Postprandial Evaluation of Possible Collateral Pathways in Chronic Mesenteric Ischemia with Duplex Ultrasound
|Zachrisson H1,2*, Svensson C1,2, Forssell C2,3 and Lassvik C1,2|
|1 Department of Clinical Physiology, County Council of Östergötland, Linköping, Sweden|
|2 Division of Cardiovascular Medicine, Department of Medical and Health Sciences, Linköping University, Linköping, Sweden|
|3 Department of Thoracic and Vascular Surgery, County Council of Östergötland, Linköping, Sweden|
|Corresponding Author :||Helene Zachrisson, MD, Ph.D
Division of Cardiovascular Medicine
Department of Medicine and Health Sciences
Linköping University, Sweden
E-mail: [email protected]
|Received October 30, 2013; Accepted March 13, 2014; Published March 17, 2014|
|Citation: Zachrisson H, Svensson C, Forssell C, Lassvik C (2014) Postprandial Evaluation of Possible Collateral Pathways in Chronic Mesenteric Ischemia with Duplex Ultrasound. Medical Diagnostics 3:154. doi:10.4172/2168-9784.1000154|
|Copyright: © 2014 Zachrisson H, et al. This is an open-access article distributed under the terms of the Creative Commons Attribution License, which permits unrestricted use, distribution, and reproduction in any medium, provided the original author and source are credited.|
Objective: Duplex scanning may be used to detect high-grade stenoses in the mesenteric vessels in patients with suspect Chronic Mesenterial Ischemia (CMI). The aim of the study was to evaluate reserve and collateral vascular function in relation to bowel symptoms in patients with CMI.
Methods: Fourteen consecutive patients, referred to the vascular laboratory with suspicion of CMI, 7 men
(average 79 years), and 7 women (average 66 years), were investigated by Duplex ultrasound (DUS) of the visceral arteries. All patients were examined both fasting and 30 min after a standard meal. A reference group of 10 patients with diffuse bowel symptoms (5 men and 5 women, (average 75 years) were investigated by the same DUS protocol, all showing normal mesenteric arteries. Possible collateral reserve capacity was defined as a marked increase of flow velocities (>20%) in vessels with lesions and/or in non-affected vessels.
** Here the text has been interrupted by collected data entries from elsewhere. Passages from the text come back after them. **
(* Let $H$ be an edge-critical graph with $\chi(H)=r+1\ge3$. For every $r$-tuple $S=(S_1,\dots,S_r)$ of pairwise disjoint subsets of $[n]$ with $|S_1|>v_H$ and every graph $Q\subseteq K_n$ all of whose edges have both endpoints in $S_1$, \[ |\mathcal{F}_Q^{\mathrm{low}}[\mathrm{ext}(S)]|\ge\Big(1-\frac{v_H^2\,\Delta(Q)}{|S_1|-v_H}\Big)\cdot e(Q)\cdot N(H,K_S^+), \] where $K_S^+=\mathrm{ext}(S)\cup\{uv\}$ for two distinct vertices $u,v\in S_1$.
   Context: Graphs are identified with edge sets. $\mathrm{ext}(S)$ is the set of pairs of vertices meeting two distinct $S_i$. $\mathcal{H}$ is the family of all copies of $H$ in $K_n$ (as edge sets). $\mathcal{H}_Q^{\mathrm{low}}=\{A\in\mathcal{H}: |A\cap Q|=1 \text{ and } Q[V(A)] \text{ has exactly one edge}\}$ and $\mathcal{F}_Q^{\mathrm{low}}=\{A\setminus Q: A\in\mathcal{H}_Q^{\mathrm{low}}\}$. For a family $\mathcal{F}$ of edge sets and a graph $G$, $\mathcal{F}[G]=\{\omega\in\mathcal{F}:\omega\subseteq G\}$. $N(H,G)$ is the number of copies of $H$ in $G$; $\Delta(Q)$ is the maximum degree. *)

theory Defs
  imports Complex_Main
begin

definition simple_graph :: "'a set \<Rightarrow> 'a set set \<Rightarrow> bool" where
  "simple_graph V E \<longleftrightarrow> finite V \<and> (\<forall>e\<in>E. \<exists>x y. x \<noteq> y \<and> x \<in> V \<and> y \<in> V \<and> e = {x, y})"

definition colorable :: "'a set \<Rightarrow> 'a set set \<Rightarrow> nat \<Rightarrow> bool" where
  "colorable V E k \<longleftrightarrow> (\<exists>f. (\<forall>x\<in>V. f x < k) \<and> (\<forall>x\<in>V. \<forall>y\<in>V. {x, y} \<in> E \<longrightarrow> f x \<noteq> f y))"

definition chromatic_number :: "'a set \<Rightarrow> 'a set set \<Rightarrow> nat" where
  "chromatic_number V E = (LEAST k. colorable V E k)"

definition edge_critical :: "'a set \<Rightarrow> 'a set set \<Rightarrow> bool" where
  "edge_critical V E \<longleftrightarrow> (\<exists>e\<in>E. chromatic_number V (E - {e}) < chromatic_number V E)"

definition Kn :: "nat \<Rightarrow> nat set set" where
  "Kn n = {{x, y} | x y. x \<noteq> y \<and> x \<in> {1..n} \<and> y \<in> {1..n}}"

definition copies :: "'a set \<Rightarrow> 'a set set \<Rightarrow> nat \<Rightarrow> nat set set set" where
  "copies VH EH n = {(\<lambda>e. \<phi> ` e) ` EH | \<phi>. inj_on \<phi> VH \<and> \<phi> ` VH \<subseteq> {1..n}}"

definition Ncop :: "'a set \<Rightarrow> 'a set set \<Rightarrow> nat \<Rightarrow> nat set set \<Rightarrow> nat" where
  "Ncop VH EH n G = card {A \<in> copies VH EH n. A \<subseteq> G}"

definition verts :: "nat set set \<Rightarrow> nat set" where
  "verts A = \<Union>A"

definition induced :: "nat set set \<Rightarrow> nat set \<Rightarrow> nat set set" where
  "induced Q W = {e \<in> Q. e \<subseteq> W}"

definition H_low :: "'a set \<Rightarrow> 'a set set \<Rightarrow> nat \<Rightarrow> nat set set \<Rightarrow> nat set set set" where
  "H_low VH EH n Q = {A \<in> copies VH EH n. card (A \<inter> Q) = 1 \<and> card (induced Q (verts A)) = 1}"

definition F_low :: "'a set \<Rightarrow> 'a set set \<Rightarrow> nat \<Rightarrow> nat set set \<Rightarrow> nat set set set" where
  "F_low VH EH n Q = (\<lambda>A. A - Q) ` H_low VH EH n Q"

definition restrict_fam :: "nat set set set \<Rightarrow> nat set set \<Rightarrow> nat set set set" where
  "restrict_fam F G = {\<omega> \<in> F. \<omega> \<subseteq> G}"

text \<open>ext(S) for an r-tuple S_1..S_r, here indexed as S 0, ..., S (r-1).\<close>
definition ext :: "nat \<Rightarrow> (nat \<Rightarrow> nat set) \<Rightarrow> nat set set" where
  "ext r S = {{x, y} | x y. \<exists>i<r. \<exists>j<r. i \<noteq> j \<and> x \<in> S i \<and> y \<in> S j}"

definition degree :: "nat set set \<Rightarrow> nat \<Rightarrow> nat" where
  "degree Q v = card {e \<in> Q. v \<in> e}"

definition max_degree :: "nat set set \<Rightarrow> nat" where
  "max_degree Q = Max (insert 0 (degree Q ` verts Q))"

end

theory Submission
  imports Defs "HOL-Combinatorics.Transposition"
begin

text \<open>
  For an edge e of Q let C(e) be the set of copies of H in ext(S) + e. As ext(S) is r-partite and
  \<chi>(H) = r + 1, every copy in C(e) contains e, and each endpoint of e lies on a second edge of the
  copy (otherwise recolouring that endpoint would r-colour H). Transpositions inside S_1 fix ext(S),
  so |C(e)| = N(H, K_S^+) for every e.

  Call a copy in C(e) high if its vertex set spans a second edge of Q. It then has a vertex w outside
  e with a Q-neighbour in the copy. Swapping w with a vertex z of S_1 outside the copy (at least
  |S_1| - v_H choices) gives a copy A' in C(e) with z in V(A') and w in N_Q(V(A')), and (A, z) is
  recovered from (A', z, w). Hence |S_1| - v_H times the number of high copies is at most
  v_H^2 \<Delta>(Q) |C(e)|. Every other copy A yields A - {e} in F_Q^low[ext(S)], and (e, A) is recovered
  from A - {e} because e is the only edge of Q spanned by V(A - {e}) = V(A).
\<close>

lemma simple_graph_edge_subset:
  assumes "simple_graph V E" and "e \<in> E"
  shows "e \<subseteq> V"
proof -
  obtain x y where "x \<in> V" "y \<in> V" "e = {x, y}"
    using assms unfolding simple_graph_def by blast
  then show ?thesis by simp
qed

lemma simple_graph_edge_neq:
  assumes "simple_graph V E" and "{x, y} \<in> E"
  shows "x \<noteq> y"
proof
  assume "x = y"
  obtain p q where "p \<noteq> q" "{x, y} = {p, q}" using assms unfolding simple_graph_def by blast
  with \<open>x = y\<close> show False by (auto simp: doubleton_eq_iff)
qed

definition relabel :: "('a \<Rightarrow> 'b) \<Rightarrow> 'a set set \<Rightarrow> 'b set set" where
  "relabel \<phi> G = image \<phi> ` G"

lemma relabel_transpose_involutory [simp]:
  "relabel (transpose a b) (relabel (transpose a b) G) = G"
  by (simp add: relabel_def image_image)

lemma verts_relabel: "verts (relabel \<phi> A) = \<phi> ` verts A"
  by (auto simp: verts_def relabel_def)

lemma copies_subset_Pow:
  assumes "simple_graph VH EH"
  shows "copies VH EH n \<subseteq> Pow (Pow {1..n})"
proof
  fix A assume "A \<in> copies VH EH n"
  then obtain \<psi> where "\<psi> ` VH \<subseteq> {1..n}" "A = (\<lambda>e. \<psi> ` e) ` EH"
    unfolding copies_def by blast
  with simple_graph_edge_subset[OF assms] show "A \<in> Pow (Pow {1..n})" by blast
qed

lemma finite_copies: "simple_graph VH EH \<Longrightarrow> finite (copies VH EH n)"
  using finite_subset[OF copies_subset_Pow] by simp
text \<open>The q-th demand is met above all coordinates used for the previous ones.\<close>

lemma I_ideal_high_witnesses:
  fixes P :: "'q \<Rightarrow> tup \<Rightarrow> bool" and T :: "'q \<Rightarrow> nat set"
  assumes countable: "countable Q"
    and finite: "\<And>q. q \<in> Q \<Longrightarrow> finite (T q)" and card: "\<And>q. q \<in> Q \<Longrightarrow> card (T q) \<le> m"
    and high: "\<And>q N. q \<in> Q \<Longrightarrow> \<exists>v. P q v \<and> (\<forall>i\<in>T q. N \<le> snd (v i))"
  shows "\<exists>R\<in>I_ideal. \<forall>q\<in>Q. \<exists>v. P q v \<and> v ` T q \<subseteq> R"
proof (cases "Q = {}")
  case True
  moreover have "{} \<in> I_ideal" by (simp add: I_ideal_def)
  ultimately show ?thesis by blast
next
  case False
  define q where "q = from_nat_into Q"
  have q_in: "q j \<in> Q" for j using from_nat_into[OF False] by (simp add: q_def)
  define wit where "wit N j = (SOME v. P (q j) v \<and> (\<forall>i\<in>T (q j). N \<le> snd (v i)))" for N j
  have wit: "P (q j) (wit N j) \<and> (\<forall>i\<in>T (q j). N \<le> snd (wit N j i))" for N j
    unfolding wit_def by (rule someI_ex[OF high[OF q_in]])
  define bnd where "bnd = rec_nat 0 (\<lambda>j b. Suc (b + (\<Sum>i\<in>T (q j). snd (wit b j i))))"
  have bnd_Suc: "bnd (Suc j) = Suc (bnd j + (\<Sum>i\<in>T (q j). snd (wit (bnd j) j i)))" for j
    by (simp add: bnd_def)
  define band where "band j = wit (bnd j) j ` T (q j)" for j
  have in_band: "bnd j \<le> snd p \<and> snd p < bnd (Suc j)" if p_in: "p \<in> band j" for p j
  proof -
    obtain i where i: "i \<in> T (q j)" and p: "p = wit (bnd j) j i"
      using p_in unfolding band_def by blast
    have "snd p \<le> (\<Sum>i\<in>T (q j). snd (wit (bnd j) j i))"
      unfolding p by (rule member_le_sum) (use finite[OF q_in] i in auto)
    then show ?thesis using wit[of j "bnd j"] i p bnd_Suc[of j] by auto
  qed
  have bnd_mono: "bnd (Suc j) \<le> bnd j'" if "j < j'" for j j'
  proof (rule lift_Suc_mono_le[of bnd])
    show "bnd n \<le> bnd (Suc n)" for n by (simp add: bnd_Suc)
  qed (use that in simp)
  have "(\<Union>j. band j) \<in> I_ideal"
  proof (rule I_ideal_banded_Union)
    show "finite (band j)" for j unfolding band_def using finite[OF q_in] by blast
    show "card (band j) \<le> m" for j
      unfolding band_def using card_image_le[OF finite[OF q_in]] card[OF q_in] by (rule le_trans)
    show "j = j'" if "p \<in> band j" "p' \<in> band j'" "snd p = snd p'" for j j' p p'
    proof (rule ccontr)
      assume "j \<noteq> j'"
      then consider "j < j'" | "j' < j" by linarith
      then show False
        using in_band[OF that(1)] in_band[OF that(2)] that(3) bnd_mono[of j j'] bnd_mono[of j' j]
        by cases linarith+
    qed
  qed
  moreover have "\<exists>v. P q' v \<and> v ` T q' \<subseteq> (\<Union>j. band j)" if q': "q' \<in> Q" for q'
  proof -
    obtain j where "q j = q'" using from_nat_into_surj[OF countable q'] q_def by blast
    then show ?thesis using wit[of j "bnd j"] unfolding band_def by blast
  qed
  ultimately show ?thesis by blast
qed
lemma sums_qgauss_term_q4:
  fixes q :: real
  assumes "0 < q" "q < 1"
  shows "qgauss_term (1/q) (1/q) (q ^ 4) (q\<^sup>2) sums
    (qpoch_inf (q ^ 5) (q\<^sup>2) * qpoch_inf (q ^ 5) (q\<^sup>2)
      / (qpoch_inf (q ^ 4) (q\<^sup>2) * qpoch_inf (q ^ 6) (q\<^sup>2)))"
proof -
  have "q\<^sup>2 < 1" "q ^ 4 < 1" "q ^ 6 < 1"
    using assms by (simp_all add: power_less_one_iff)
  moreover have "q ^ 4 / (1/q) = q ^ 5" "q ^ 4 / (1/q * (1/q)) = q ^ 6"
    using assms by (simp_all add: power_numeral_reduce)
  ultimately show ?thesis
    using q_gauss_sum[of "q\<^sup>2" "1/q" "1/q" "q ^ 4"] assms by simp
qed

lemma qhalf_series_eq:
  fixes q :: real
  assumes "0 < q" "q < 1"
  shows "(\<Sum>n. (qhalf_poch q (Suc n))\<^sup>2
          / (qfact2 q (Suc n + 1) * qfact2 q (Suc n + 2)) * q ^ (6 * Suc n + 6))
    = q\<^sup>2 * (1 + q)\<^sup>2 * (qpoch_inf (q ^ 5) (q\<^sup>2) * qpoch_inf (q ^ 5) (q\<^sup>2)
        / (qpoch_inf (q ^ 4) (q\<^sup>2) * qpoch_inf (q ^ 6) (q\<^sup>2))
      - (1 + (1 - q)\<^sup>2 * q ^ 4 / ((1 - q\<^sup>2) * (1 - q ^ 4))))"
    (is "_ = _ * (?S - ?head)")
proof -
  let ?t = "qgauss_term (1/q) (1/q) (q ^ 4) (q\<^sup>2)"
  have "(\<Sum>i<2. ?t i) = 1 + (1 - 1/q) * (1 - 1/q) * q ^ 6 / ((1 - q\<^sup>2) * (1 - q ^ 4))"
  proof -
    have "q ^ 4 / (1/q * (1/q)) = q ^ 6"
      using assms by (simp add: power_numeral_reduce)
    then show ?thesis
      unfolding qgauss_term_def by (simp add: numeral_2_eq_2 qpoch_def)
  qed
  also have "(1 - 1/q) * (1 - 1/q) * q ^ 6 = (1 - q)\<^sup>2 * q ^ 4"
    using assms by (simp add: field_simps) algebra
  finally have "(\<lambda>n. ?t (n + 2)) sums (?S - ?head)"
    using sums_split_initial_segment[OF sums_qgauss_term_q4[OF assms], of 2] by simp
  then have "(\<lambda>n. q\<^sup>2 * (1 + q)\<^sup>2 * ?t (n + 2)) sums (q\<^sup>2 * (1 + q)\<^sup>2 * (?S - ?head))"
    by (rule sums_mult)
  moreover have "(qhalf_poch q (Suc n))\<^sup>2
      / (qfact2 q (Suc n + 1) * qfact2 q (Suc n + 2)) * q ^ (6 * Suc n + 6)
      = q\<^sup>2 * (1 + q)\<^sup>2 * ?t (n + 2)" for n
    using qhalf_term_eq_qgauss_term[OF assms, of "Suc n"] by simp
  ultimately show ?thesis
    by (simp add: sums_iff)
qed

lemma pi_q_eq_shifted_qpoch_inf:
  assumes "0 < q" "q < 1"
  shows "pi_q q = q powr (1/4) * (1 - q\<^sup>2) ^ 3 * (1 - q ^ 4)
      * qpoch_inf (q ^ 4) (q\<^sup>2) * qpoch_inf (q ^ 6) (q\<^sup>2)
      / ((1 - q) * (1 - q ^ 3) * qpoch_inf (q ^ 5) (q\<^sup>2))\<^sup>2"
proof -
  have p: "\<bar>q\<^sup>2\<bar> < 1"
    using assms by (simp add: power_less_one_iff)
  have "q\<^sup>2 * (q\<^sup>2) ^ 1 = q ^ 4" "q\<^sup>2 * (q\<^sup>2) ^ 2 = q ^ 6" "q * (q\<^sup>2) ^ 2 = q ^ 5"
    "qpoch (q\<^sup>2) (q\<^sup>2) 1 = 1 - q\<^sup>2" "qpoch (q\<^sup>2) (q\<^sup>2) 2 = (1 - q\<^sup>2) * (1 - q ^ 4)"
    "qpoch q (q\<^sup>2) 2 = (1 - q) * (1 - q ^ 3)"
    by (simp_all add: qpoch_def numeral_2_eq_2 power_numeral_reduce)
  then have P4: "qpoch_inf (q\<^sup>2) (q\<^sup>2) = (1 - q\<^sup>2) * qpoch_inf (q ^ 4) (q\<^sup>2)"
    and P6: "qpoch_inf (q\<^sup>2) (q\<^sup>2) = (1 - q\<^sup>2) * (1 - q ^ 4) * qpoch_inf (q ^ 6) (q\<^sup>2)"
    and Q: "qpoch_inf q (q\<^sup>2) = (1 - q) * (1 - q ^ 3) * qpoch_inf (q ^ 5) (q\<^sup>2)"
    using qpoch_inf_split[OF p, of "q\<^sup>2" 1] qpoch_inf_split[OF p, of "q\<^sup>2" 2]
      qpoch_inf_split[OF p, of q 2]
    by simp_all
  have "(qpoch_inf (q\<^sup>2) (q\<^sup>2))\<^sup>2
      = (1 - q\<^sup>2) * qpoch_inf (q ^ 4) (q\<^sup>2) * ((1 - q\<^sup>2) * (1 - q ^ 4) * qpoch_inf (q ^ 6) (q\<^sup>2))"
    using arg_cong2[OF P4 P6, of "(*)"] by (simp only: power2_eq_square)
  then show ?thesis
    unfolding pi_q_def Q by (simp add: power_numeral_reduce mult_ac)
qed

text \<open>The factors \<open>A = 1 - q\<close>, \<open>B = 1 + q\<close>, \<open>C = 1 + q + q\<^sup>2\<close>, \<open>G = 1 + q\<^sup>2\<close> are kept as
  independent atoms so that \<open>field_simps\<close> cannot expand them.\<close>

lemma factored_rational_identity:
  fixes A B C G q r Q4 Q5 Q6 :: real
  assumes "A \<noteq> 0" "B \<noteq> 0" "C \<noteq> 0" "G \<noteq> 0" "q \<noteq> 0" "r \<noteq> 0" "Q4 \<noteq> 0" "Q5 \<noteq> 0" "Q6 \<noteq> 0"
  shows "q\<^sup>2 * B\<^sup>2 * G + q ^ 6
      + G * (q\<^sup>2 * B\<^sup>2 * (Q5 * Q5 / (Q4 * Q6) - (1 + A\<^sup>2 * q ^ 4 / ((A * B) * (A * B * G)))))
    = B ^ 6 * G\<^sup>2 / (r * (A * B) ^ 3 * (A * B * G) * Q4 * Q6 / (A * (A * C) * Q5)\<^sup>2 * C\<^sup>2) * (r * q\<^sup>2)"
  using assms by (simp add: field_simps) algebra

theorem mainTheorem9:
  fixes q :: real
  assumes "0 < q" and "q < 1"
  shows "q\<^sup>2 * (1 + q)\<^sup>2 * (1 + q\<^sup>2) + q ^ 6
      + (1 + q\<^sup>2) * (\<Sum>n. (qhalf_poch q (Suc n))\<^sup>2
            / (qfact2 q (Suc n + 1) * qfact2 q (Suc n + 2)) * q ^ (6 * Suc n + 6))
    = (1 + q) ^ 6 * (1 + q\<^sup>2)\<^sup>2 / (pi_q q * (1 + q + q\<^sup>2)\<^sup>2) * q powr (9/4)"
proof -
  have "q powr (9/4) = q powr (1/4) * q powr 2"
    by (simp flip: powr_add)
  then have powr: "q powr (9/4) = q powr (1/4) * q\<^sup>2"
    using assms by (simp add: powr_numeral)
  have factor: "1 - q ^ 3 = (1 - q) * (1 + q + q\<^sup>2)" "1 - q\<^sup>2 = (1 - q) * (1 + q)"
    "1 - q ^ 4 = (1 - q) * (1 + q) * (1 + q\<^sup>2)"
    by algebra+
  have Q_pos: "0 < qpoch_inf (q ^ k) (q\<^sup>2)" if "k > 0" for k
    using assms that by (intro qpoch_inf_pos) (simp_all add: power_less_one_iff)
  have "0 < 1 + q\<^sup>2" "0 < 1 + q + q\<^sup>2"
    using assms(1) zero_le_power2[of q] by linarith+
  then show ?thesis
    unfolding qhalf_series_eq[OF assms] pi_q_eq_shifted_qpoch_inf[OF assms] powr factor
    using assms Q_pos[of 4] Q_pos[of 5] Q_pos[of 6] by (intro factored_rational_identity) auto
qed

end
lemma small_relation_eq_0:
  fixes p M :: nat and i0 :: int and d :: "nat \<Rightarrow> int" and a :: "nat \<Rightarrow> nat"
  assumes p: "prime p" "p mod 3 = 2" "[i0 ^ 2 = -1] (mod int p)" "9 < p" "2 * int M < int p"
    and X: "average_free 6 X" "X \<subseteq> {..<M}" "inj_on a {..<n}" "a ` {..<n} \<subseteq> X"
    and small: "\<forall>i<n. \<bar>d i\<bar> \<le> 6"
    and sums: "(\<Sum>i<n. d i) = 0" "(\<Sum>i<n. d i * int (a i)) = 0"
      "int p dvd (\<Sum>i<n. d i * int (a i) ^ 2)"
    and two_by_two: "2 \<le> card {i. i < n \<and> 0 < d i} \<Longrightarrow> 2 \<le> card {i. i < n \<and> d i < 0} \<Longrightarrow>
      \<exists>i1 i2 j1 j2. {i. i < n \<and> 0 < d i} = {i1, i2} \<and> {i. i < n \<and> d i < 0} = {j1, j2}
        \<and> i1 \<noteq> i2 \<and> j1 \<noteq> j2 \<and> (\<forall>i\<in>{i1, i2, j1, j2}. \<bar>d i\<bar> \<le> 3)"
  shows "\<forall>i<n. d i = 0"
proof -
  have d_le: "\<forall>i<n. d i \<le> int 6" "\<forall>i<n. - d i \<le> int 6" using small by (auto simp: abs_le_iff)
  consider "card {i. i < n \<and> 0 < d i} \<le> 1" | "card {i. i < n \<and> d i < 0} \<le> 1"
    | "2 \<le> card {i. i < n \<and> 0 < d i}" "2 \<le> card {i. i < n \<and> d i < 0}"
    by linarith
  then show ?thesis
  proof cases
    case 1
    then show ?thesis by (rule average_free_single_positive[OF X(1,3,4) d_le(1) sums(1,2)])
  next
    case 2
    then have "card {i. i < n \<and> 0 < - d i} \<le> 1" by simp
    moreover have "(\<Sum>i<n. - d i) = 0" "(\<Sum>i<n. - d i * int (a i)) = 0"
      using sums(1,2) by (simp_all add: sum_negf)
    ultimately have "\<forall>i<n. - d i = 0"
      using average_free_single_positive[OF X(1,3,4) d_le(2)] by blast
    then show ?thesis by simp
  next
    case 3
    then obtain i1 i2 j1 j2 where P: "{i. i < n \<and> 0 < d i} = {i1, i2}" "i1 \<noteq> i2"
      and N: "{i. i < n \<and> d i < 0} = {j1, j2}" "j1 \<noteq> j2"
      and small': "\<forall>i\<in>{i1, i2, j1, j2}. \<bar>d i\<bar> \<le> 3"
      using two_by_two by blast
    have False by (rule no_two_by_two_relation[OF p X P N small' sums])
    then show ?thesis ..
  qed
qed
(* In the setting of the context, suppose that $\mathbf 1=(1,\dots,1)$ is a (uniformly) globally asymptotically stable equilibrium of $\dot o_k(t)=\dfrac{\pi_k(0,\mu^*,o(t))}{\gamma_k(\mu^* )}-o_k(t)$, $k\in[K]$. Then $(0,\mu^*,\mathbf 1)$ is a (uniformly) globally asymptotically stable equilibrium of the time-independent system $\dot{\bar\theta}(t)=\bar g(\bar\theta(t))$.
   Context: $K\ge2$, $M\ge1$, $\varepsilon>0$; $\mathcal{P}^\varepsilon(K)$ is the set of probability vectors on $[K]$ with entries $\ge\varepsilon$; $O^\varepsilon=\{o\in\mathbb{R}^K_{\ge0}:\sum_ko_k\le\varepsilon^{-1}\}$; $\Theta=\mathbb{R}^K\times\mathbb{R}^{KM}\times O^\varepsilon$; $\pi:\Theta\to\mathcal P^\varepsilon(K)$ and $\gamma:\mathbb{R}^{KM}\to\mathcal P^\varepsilon(K)$ are continuously differentiable; $\mu^*\in\mathbb{R}^{KM}$ is fixed. The system $\dot{\bar\theta}=\bar g(\bar\theta)$, $\bar\theta=(\bar F,\mu,o)$, with $\bar F$ in the hyperplane $\{\sum_k\bar F_k=0\}$, is $\dot{\bar F}_k=\frac1K\sum_j\frac{e^{\bar F_j}}{\sum_\ell\pi_\ell(\bar\theta)e^{\bar F_\ell}}-\frac{e^{\bar F_k}}{\sum_\ell\pi_\ell(\bar\theta)e^{\bar F_\ell}}$, $\dot\mu_{km}=\frac{e^{\bar F_k}}{\sum_\ell\pi_\ell(\bar\theta)e^{\bar F_\ell}}(\mu^*_{km}-\mu_{km})$, $\dot o_k=\frac{\pi_k(\bar\theta)}{\gamma_k(\mu)}\frac{e^{\bar F_k}}{\sum_\ell\pi_\ell(\bar\theta)e^{\bar F_\ell}}-o_k$. Global asymptotic stability of $z^*$ for $\dot z=h(z,t)$: (1) for each $\eta>0$ there is $\delta>0$ independent of $t_0$ with $|z_0-z^*|<\delta\Rightarrow|z(t;z_0,t_0)-z^*|<\eta$ for all $t\ge t_0\ge0$; (2) for all $\eta,\rho>0$ there is $T(\rho,\eta)<\infty$ independent of $t_0$ with $|z(t;z_0,t_0)-z^*|<\eta$ for $t\ge t_0+T$ whenever $|z_0-z^*|<\rho$. *)

theory Defs
  imports "HOL-Analysis.Analysis"
begin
Results: All patients had a significant stenosis (>70%) in one or several visceral arteries at the baseline DUS investigation. Six patients had abdominal pain after the test meal, whilst 8 patients experienced no pain. In patients without postprandial pain a possible collateral reserve capacity was detected. In this group superior mesenteric artery (SMA) peak systolic velocity (PSV) increased significantly (baseline PSV 2.6 ± 1.3 m/s vs. postprandial PSV 4.1 ± 1.6 m/s, P < 0.05) whereas patients with postprandial pain showed no signs of collateral reserve capacity in any vessel except one patient who showed possible collateral reserve in one vessel. In the reference group a significant increase of PSV was seen in SMA only, (1.7 ± 0.6, vs. 2.5 ± 0.9, P < 0.05).
Conclusion: Postprandial duplex adds information about the functional flow limitation of the stenosis and possible collateral reserve flow capacity. Further studies have to be performed to establish criteria for selection of patients appropriate for intervention.